Teachers will find this book very useful. After explaining the theoretical underpinnings of his position, Kohn has many useful examples of the negative results from using reward strategies. Yet Kohn is realistic and recognizes that even if one agrees with him, change will take a long time. He presents many interim strategies teachers can use to reduce the negative impacts of entrenched practices and recognizes that teachers cannot single-handedly effect change if their entire school system depends upon manipulation through rewards. He recognizes that teachers are often judged by their superiors in ways that encourage them to go with the cheap behaviorist tricks that offer temporary solutions. He offers many specific ways teachers can slowly reduce their own dependence on such tactics.

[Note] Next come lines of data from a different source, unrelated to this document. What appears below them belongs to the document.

locale max_weight_bucket_matching =
  fixes n m :: nat and v :: "nat \<Rightarrow> real" and val :: "nat \<Rightarrow> nat \<Rightarrow> real"
    and M :: "(nat \<times> (nat \<times> nat)) set"
  assumes restricted: "\<And>i g. i \<in> agents n \<Longrightarrow> g \<in> real_items m \<Longrightarrow> val i g = 0 \<or> val i g = v g"
    and dummy_zero: "\<And>i g. i \<in> agents n \<Longrightarrow> g \<in> dummy_items n m \<Longrightarrow> val i g = 0"
    and opt: "max_weight_perfect_matching (edges n m val) (left_side n m) (right_side n m)
      (edge_weight m v) M"
begin

lemma perfect: "perfect_matching (edges n m val) (left_side n m) (right_side n m) M"
  using opt by (simp add: max_weight_perfect_matching_def)

lemma matched_edge: "b \<in> right_side n m \<Longrightarrow> (matched_to M b, b) \<in> edges n m val"
  by (rule perfect_matching_matched_to_edge[OF perfect])

lemma rematch_gain_nonpos:
  assumes p: "p permutes S" and S: "S \<subseteq> right_side n m"
    and edge: "\<And>b. b \<in> S \<Longrightarrow> (matched_to M b, p b) \<in> edges n m val"
  shows "(\<Sum>b\<in>S. priority m v (matched_to M b) * (real (snd b) - real (snd (p b)))) \<le> 0"
  using max_weight_perfect_matching_rematch_gain_nonpos[OF opt finite_edges p S edge]
  by (simp add: edge_weight_eq right_diff_distrib)

lemma exchange:
  assumes b: "b1 \<in> right_side n m" "b2 \<in> right_side n m" "b1 \<noteq> b2"
    and edge: "(matched_to M b1, b2) \<in> edges n m val" "(matched_to M b2, b1) \<in> edges n m val"
  shows "(priority m v (matched_to M b1) - priority m v (matched_to M b2))
           * (real (snd b1) - real (snd b2)) \<le> 0"
proof -
  have "(\<Sum>b\<in>{b1, b2}. priority m v (matched_to M b)
          * (real (snd b) - real (snd (transpose b1 b2 b)))) \<le> 0"
    using b edge by (intro rematch_gain_nonpos[OF permutes_swap_id]) auto
  then show ?thesis using b(3) by (simp add: algebra_simps)
qed

lemma rotation:
  assumes b: "b1 \<in> right_side n m" "b2 \<in> right_side n m" "b3 \<in> right_side n m"
      "b1 \<noteq> b2" "b1 \<noteq> b3" "b2 \<noteq> b3"
    and edge: "(matched_to M b1, b3) \<in> edges n m val" "(matched_to M b2, b1) \<in> edges n m val"
      "(matched_to M b3, b2) \<in> edges n m val"
  shows "priority m v (matched_to M b1) * (real (snd b1) - real (snd b3))
       + priority m v (matched_to M b2) * (real (snd b2) - real (snd b1))
       + priority m v (matched_to M b3) * (real (snd b3) - real (snd b2)) \<le> 0"
proof -
  let ?p = "transpose b1 b2 \<circ> transpose b1 b3"
  have p: "?p permutes {b1, b2, b3}"
    by (intro permutes_compose permutes_swap_id) auto
  have "(\<Sum>b\<in>{b1, b2, b3}. priority m v (matched_to M b)
          * (real (snd b) - real (snd (?p b)))) \<le> 0"
    using b edge by (intro rematch_gain_nonpos[OF p]) auto
  then show ?thesis using b(4-6) by (simp add: algebra_simps)
qed

lemma exists_bucket_matched_to_non_real:
  assumes i: "i \<in> agents n" and h: "h \<in> real_items m" and hb: "(h, b) \<in> M" "fst b \<noteq> i"
  shows "\<exists>c \<in> buckets m. matched_to M (i, c) \<notin> real_items m"
proof (rule ccontr)
  assume "\<not> ?thesis"
  then have real: "matched_to M (i, c) \<in> real_items m" if "c \<in> buckets m" for c
    using that by blast
  have slots: "Pair i ` buckets m \<subseteq> right_side n m"
    using i by (auto simp: right_side_def)
  have "inj_on (matched_to M \<circ> Pair i) (buckets m)"
    using inj_on_subset[OF perfect_matching_inj_on_matched_to[OF perfect edges_subset_sides] slots]
    by (intro comp_inj_on) (auto simp: inj_on_def)
  moreover have "(matched_to M \<circ> Pair i) ` buckets m \<subseteq> real_items m - {h}"
  proof clarsimp
    fix c assume c: "c \<in> buckets m"
    have "(i, c) \<in> right_side n m" using slots c by blast
    note ic = perfect_matching_matched_to[OF perfect this]
    have "h \<in> left_side n m" using h by (simp add: left_side_def)
    then have "matched_to M (i, c) \<noteq> h"
      using perfect_matching_left_unique[OF perfect] ic hb by fastforce
    then show "matched_to M (i, c) \<in> real_items m \<and> matched_to M (i, c) \<noteq> h"
      using real c by blast
  qed
  ultimately have "card (buckets m) \<le> card (real_items m - {h})"
    by (rule card_inj_on_le) (simp add: real_items_def)
  then show False using h by (simp add: buckets_def real_items_def)
qed

lemma priority_gap_of_val_less:
  assumes slots: "(i, c) \<in> right_side n m" "b \<in> right_side n m"
    and less: "val i (matched_to M (i, c)) < val i (matched_to M b)"
  shows "matched_to M b \<in> real_items m" and "0 < val i (matched_to M b)"
    and "real m * priority m v (matched_to M (i, c)) \<le> priority m v (matched_to M b)"
proof -
  define g h where "g = matched_to M (i, c)" and "h = matched_to M b"
  have g: "(g, (i, c)) \<in> edges n m val" and h: "h \<in> left_side n m"
    using matched_edge[OF slots(1)] matched_edge[OF slots(2)] edges_subset_sides
    by (auto simp: g_def h_def)
  have i: "i \<in> agents n" using g by (simp add: edges_def)
  have g_real: "val i g = v g" if "g \<in> real_items m"
    using g restricted[OF i that] that by (auto simp: edges_def real_items_def dummy_items_def)
  have "0 \<le> val i g" using g dummy_zero[OF i] by (force simp: edges_def)
  then show h_real: "h \<in> real_items m" and h_pos: "0 < val i h"
    using h less dummy_zero[OF i, of h] by (auto simp: left_side_def g_def h_def)
  show "real m * priority m v g \<le> priority m v h"
  proof (cases "g \<in> real_items m")
    case True
    have "val i h = v h" using restricted[OF i h_real] h_pos by auto
    then show ?thesis
      using priority_ge_of_value_less[OF True h_real] less g_real[OF True] by (simp add: g_def h_def)
  qed (simp add: priority_not_real priority_nonneg)
qed

lemma val_ge_next_bucket_if_exchangeable:
  assumes i: "i \<in> agents n" and j: "j \<in> agents n" and c: "c \<in> {1..m-1}"
    and exchangeable: "matched_to M (i, c) \<notin> real_items m \<or> 0 < val j (matched_to M (i, c))"
  shows "val i (matched_to M (j, c + 1)) \<le> val i (matched_to M (i, c))"
proof (rule ccontr)
  define g h where "g = matched_to M (i, c)" and "h = matched_to M (j, c + 1)"
  note slots = adjacent_slots_in_right_side[OF i j c]
  assume "\<not> ?thesis"
  then have gap: "h \<in> real_items m" "0 < val i h" "real m * priority m v g \<le> priority m v h"
    using priority_gap_of_val_less[OF slots] by (simp_all add: g_def h_def)
  have "(h, (i, c)) \<in> edges n m val" "(g, (j, c + 1)) \<in> edges n m val"
    using gap exchangeable matched_edge[OF slots(1)] matched_edge[OF slots(2)] i
    by (auto simp: edges_def g_def h_def)
  then have "priority m v h \<le> priority m v g"
    using exchange[OF slots] by (simp add: g_def h_def)
  moreover have "2 * priority m v g \<le> real m * priority m v g"
    using c priority_nonneg[of m v g] by (intro mult_right_mono) auto
  ultimately show False using gap(3) priority_pos[OF gap(1), where v = v] by linarith
qed

lemma val_ge_next_bucket_if_not_exchangeable:
  assumes i: "i \<in> agents n" and j: "j \<in> agents n" and c: "c \<in> {1..m-1}"
    and g_real: "matched_to M (i, c) \<in> real_items m"
    and not_exchangeable: "\<not> 0 < val j (matched_to M (i, c))"
  shows "val i (matched_to M (j, c + 1)) \<le> val i (matched_to M (i, c))"
proof (rule ccontr)
  define g h where "g = matched_to M (i, c)" and "h = matched_to M (j, c + 1)"
  note slots = adjacent_slots_in_right_side[OF i j c]
  assume "\<not> ?thesis"
  then have gap: "h \<in> real_items m" "0 < val i h" "real m * priority m v g \<le> priority m v h"
    using priority_gap_of_val_less[OF slots] by (simp_all add: g_def h_def)
  have "0 < val i g" using matched_edge[OF slots(1)] g_real
    by (auto simp: edges_def real_items_def dummy_items_def g_def)
  then have "j \<noteq> i" using not_exchangeable by (auto simp: g_def)
  moreover have "(h, (j, c + 1)) \<in> M"
    unfolding h_def by (rule perfect_matching_matched_to[OF perfect slots(2)])
  ultimately obtain c' where c': "c' \<in> buckets m"
    and d_real: "matched_to M (i, c') \<notin> real_items m"
    using exists_bucket_matched_to_non_real[OF i gap(1)] by force
  have slot': "(i, c') \<in> right_side n m" using i c' by (simp add: right_side_def)
  have "(matched_to M (i, c'), (j, c + 1)) \<in> edges n m val"
    using matched_edge[OF slot'] d_real j c by (auto simp: edges_def buckets_def)
  moreover have "(g, (i, c')) \<in> edges n m val" "(h, (i, c)) \<in> edges n m val"
    using \<open>0 < val i g\<close> g_real i c c' gap(1,2) by (auto simp: edges_def buckets_def g_def)
  moreover have "(i, c) \<noteq> (i, c')" using g_real d_real by auto
  ultimately have "priority m v g * real c + priority m v h \<le> priority m v g * real c'"
    using rotation[OF slots slot'] \<open>j \<noteq> i\<close> d_real
    by (simp add: g_def h_def priority_not_real algebra_simps)
  moreover have "priority m v g * real c' \<le> real m * priority m v g"
    using c' priority_nonneg[of m v g] by (subst mult.commute, intro mult_left_mono) (auto simp: buckets_def)
  moreover have "priority m v g \<le> priority m v g * real c"
    using c priority_nonneg[of m v g] by (simp add: mult_le_cancel_left1)
  ultimately show False using gap(3) priority_pos[OF g_real[folded g_def], where v = v] by linarith
qed

end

In conclusion, this book offers a useful guide for action for any teacher who recognizes the limitations of the behaviorist methods in place in almost every classroom in America. For those who are unconvinced, Kohn says he'll be satisfied if they are at least questioning their teaching, parenting, or supervising after they close the book. In a sincere yet lighthearted way he invites the reader to "Ride my train as far as you can and get off when you have to. Maybe later you'll hop aboard again, a little closer to'working with' than 'doing to' and we can continue the journey." Interested readers will find it easy to continue journeying with Kohn as he is a prolific author of both books and articles and maintains a website.